The most far-reaching change came in 1354 during Edward III’s reign. Clause 39 - which had been limited to a few free men - was expanded to read: ‘no man, of whatever estate or condition he may be’ shall be punished ‘except by due process of law’. And if we accept that in the fourteenth century it was still unthinkable that women would yet be included, then we’re on the way to establishing a universal defence against tyranny.

Then, in the seventeenth century, Magna Carta took another leap forward – this time almost by accident. During the mighty clash between the English crown and parliament, the opposition needed a weapon of almost biblical importance to combat the king’s claim that he had absolute power given him by God. The great jurist, Sir Edward Coke thought he’d found it in Magna Carta. He believed that trial by jury and habeas corpus had been granted in the original document. We now know he was mistaken. But it didn’t matter. Coke’s commentaries on the Great Charter became the inspiration for those fighting for freedom and justice, not only in England but in the new colonies which were to become the United States of America.

When in the late eighteenth century the new Americans had won their independence and needed to define the rights of their nation’s citizens, they turned to Magna Carta. The Fifth Amendment of the Bill of Rights states: ‘...no person shall be deprived of life, liberty, or property without due process of law’. Almost a direct quote from the 1354 Magna Carta. And because the Great Charter was the inspiration for America’s founding fathers, it’s been cited no fewer than 900 times in American courts.

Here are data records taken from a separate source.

theorem theorem3p1:
  fixes Q :: "'a set" and m s :: "'a \<Rightarrow> 'a \<Rightarrow> 'a"
  assumes nonempty: "Q \<noteq> {}"
    and wm: "ward_quasigroup Q m"
    and ws: "ward_quasigroup Q s"
  defines "coincide \<equiv> (\<forall>x\<in>Q. \<forall>y\<in>Q. m x y = s x y)"
  shows "(double_magma Q m s \<longleftrightarrow> coincide \<and> medial Q m)
    \<and> (coincide \<and> medial Q m \<longleftrightarrow> coincide \<and> left_modular Q m)
    \<and> (coincide \<and> left_modular Q m \<longleftrightarrow>
         coincide \<and> (\<exists>e\<in>Q. (\<forall>x\<in>Q. m x x = e) \<and>
            (\<forall>x\<in>Q. \<forall>y\<in>Q. \<forall>z\<in>Q. m (m x y) z = m (m x z) y \<and>
                                   m x (m y z) = m (m x y) (m e z))))
    \<and> (coincide \<and> left_modular Q m \<longleftrightarrow> coincide \<and> induced_by_abelian_group Q m)"
proof -
  have M: "nonempty_ward_quasigroup Q m" and S: "nonempty_ward_quasigroup Q s"
    using nonempty wm ws by (simp_all add: nonempty_ward_quasigroup_def)
  interpret M: nonempty_ward_quasigroup Q m by (fact M)
  have "coincide" if "double_magma Q m s"
    unfolding coincide_def using double_magma_ward_eq[OF M S that] by blast
  moreover have "double_magma Q m s \<longleftrightarrow> medial Q m" if coincide
    using that unfolding coincide_def by (intro double_magma_iff_medial_if_eq M.mult_closed) blast+
  moreover have "medial Q m \<longleftrightarrow> comm_group M.ward_group"
    using M.G.medial_iff_comm_group by (simp only: M.ward_group_carrier)
  moreover have "left_modular Q m \<longleftrightarrow> comm_group M.ward_group"
    using M.G.left_modular_iff_comm_group by (simp only: M.ward_group_carrier)
  moreover have "(\<exists>e\<in>Q. (\<forall>x\<in>Q. m x x = e) \<and>
      (\<forall>x\<in>Q. \<forall>y\<in>Q. \<forall>z\<in>Q. m (m x y) z = m (m x z) y \<and> m x (m y z) = m (m x y) (m e z)))
    \<longleftrightarrow> comm_group M.ward_group"
    using M.G.right_permutable_identities_iff_comm_group by (simp only: M.ward_group_carrier)
  moreover have "induced_by_abelian_group Q m \<longleftrightarrow> comm_group M.ward_group"
    using M.G.induced_by_abelian_group_iff_comm_group by (simp only: M.ward_group_carrier)
  ultimately show ?thesis
    by argo
qed

end
(* For any two continuous functions $P,Q\colon[0,1]\to\mathbb{R}$, the Fréchet distance equals the interleaving distance of their sublevel-set functors: $d_{\mathrm F}(P,Q)=d_I(\overleftarrow{P},\overleftarrow{Q})$.
   Context: Fréchet distance: $d_{\mathrm F}(P,Q)=\inf_\mu\max_{t\in[0,1]}|P(t)-Q(\mu(t))|$, infimum over continuous increasing bijections $\mu\colon[0,1]\to[0,1]$. $\mathbb{R}_\le$ is the poset category of real numbers (a unique morphism $y\to y'$ iff $y\le y'$). $\mathcal U$ is the category whose objects are closed subsets of $[0,1]$ (including $\emptyset$) and whose morphisms are continuous increasing functions between them. For a continuous $P\colon[0,1]\to\mathbb{R}$, the functor $\overleftarrow{P}\colon\mathbb{R}_\le\to\mathcal U$ sends $y$ to $P^{-1}((-\infty,y])$ and $y\le y'$ to the inclusion map. For a functor $F\colon\mathbb{R}_\le\to\mathcal C$ and $\delta\ge0$, the shift $F[\delta]$ is given by $F[\delta](y)=F(y+\delta)$, $F[\delta](y\le y')=F(y+\delta\le y'+\delta)$; $\eta^{F,\delta}\colon F\Rightarrow F[\delta]$ is the natural transformation with components $F(y\le y+\delta)$; for a natural transformation $\varphi\colon F\Rightarrow G$, $\varphi[\delta]\colon F[\delta]\Rightarrow G[\delta]$ has components $\varphi_{y+\delta}$. A $\delta$-interleaving between $F,G$ is a pair of natural transformations $\varphi\colon F\Rightarrow G[\delta]$, $\psi\colon G\Rightarrow F[\delta]$ with $\psi[\delta]\circ\varphi=\eta^{F,2\delta}$ and $\varphi[\delta]\circ\psi=\eta^{G,2\delta}$. The interleaving distance $d_I(F,G)$ is the infimum of all $\delta\ge0$ for which a $\delta$-interleaving exists. *)

theory Defs
  imports "HOL-Analysis.Analysis"
begin

definition reparam :: "(real \<Rightarrow> real) \<Rightarrow> bool" where
  "reparam \<mu> \<longleftrightarrow> continuous_on {0..1} \<mu> \<and> strict_mono_on {0..1} \<mu> \<and> bij_betw \<mu> {0..1} {0..1}"

definition frechet_dist :: "(real \<Rightarrow> real) \<Rightarrow> (real \<Rightarrow> real) \<Rightarrow> ereal" where
  "frechet_dist P Q = (INF \<mu> \<in> {\<mu>. reparam \<mu>}. SUP t \<in> {0..1}. ereal \<bar>P t - Q (\<mu> t)\<bar>)"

The Great Charter’s influence today has spread to every continent. As the British Empire broke up during more recent times, the newly independent Commonwealth nations founded their legal systems on English common law. Canada, Australia and India, for example, all acknowledge the inspiration of Magna Carta in their constitutions. And perhaps the most surprising places for the Great Charter to turn up are Germany and Japan- two countries which directly suffered authoritarian governments during the Second World War, and where Magna Carta is now taught in schools.

But the Great Charter’s most potent legacy lies in these three simple syllables: ‘due process’ - the words first used in the 1354 Magna Carta. Today barely a second goes by but that someone somewhere on earth isn’t using this phrase to challenge their boss when he threatens to fire them, to complain about an over-officious bureaucrat, or to object to a parking fine.

From defender of the privileges of a handful of English medieval aristocrats, to the world’s watchword of fairness and justice, Magna Carta has lived an extraordinary life.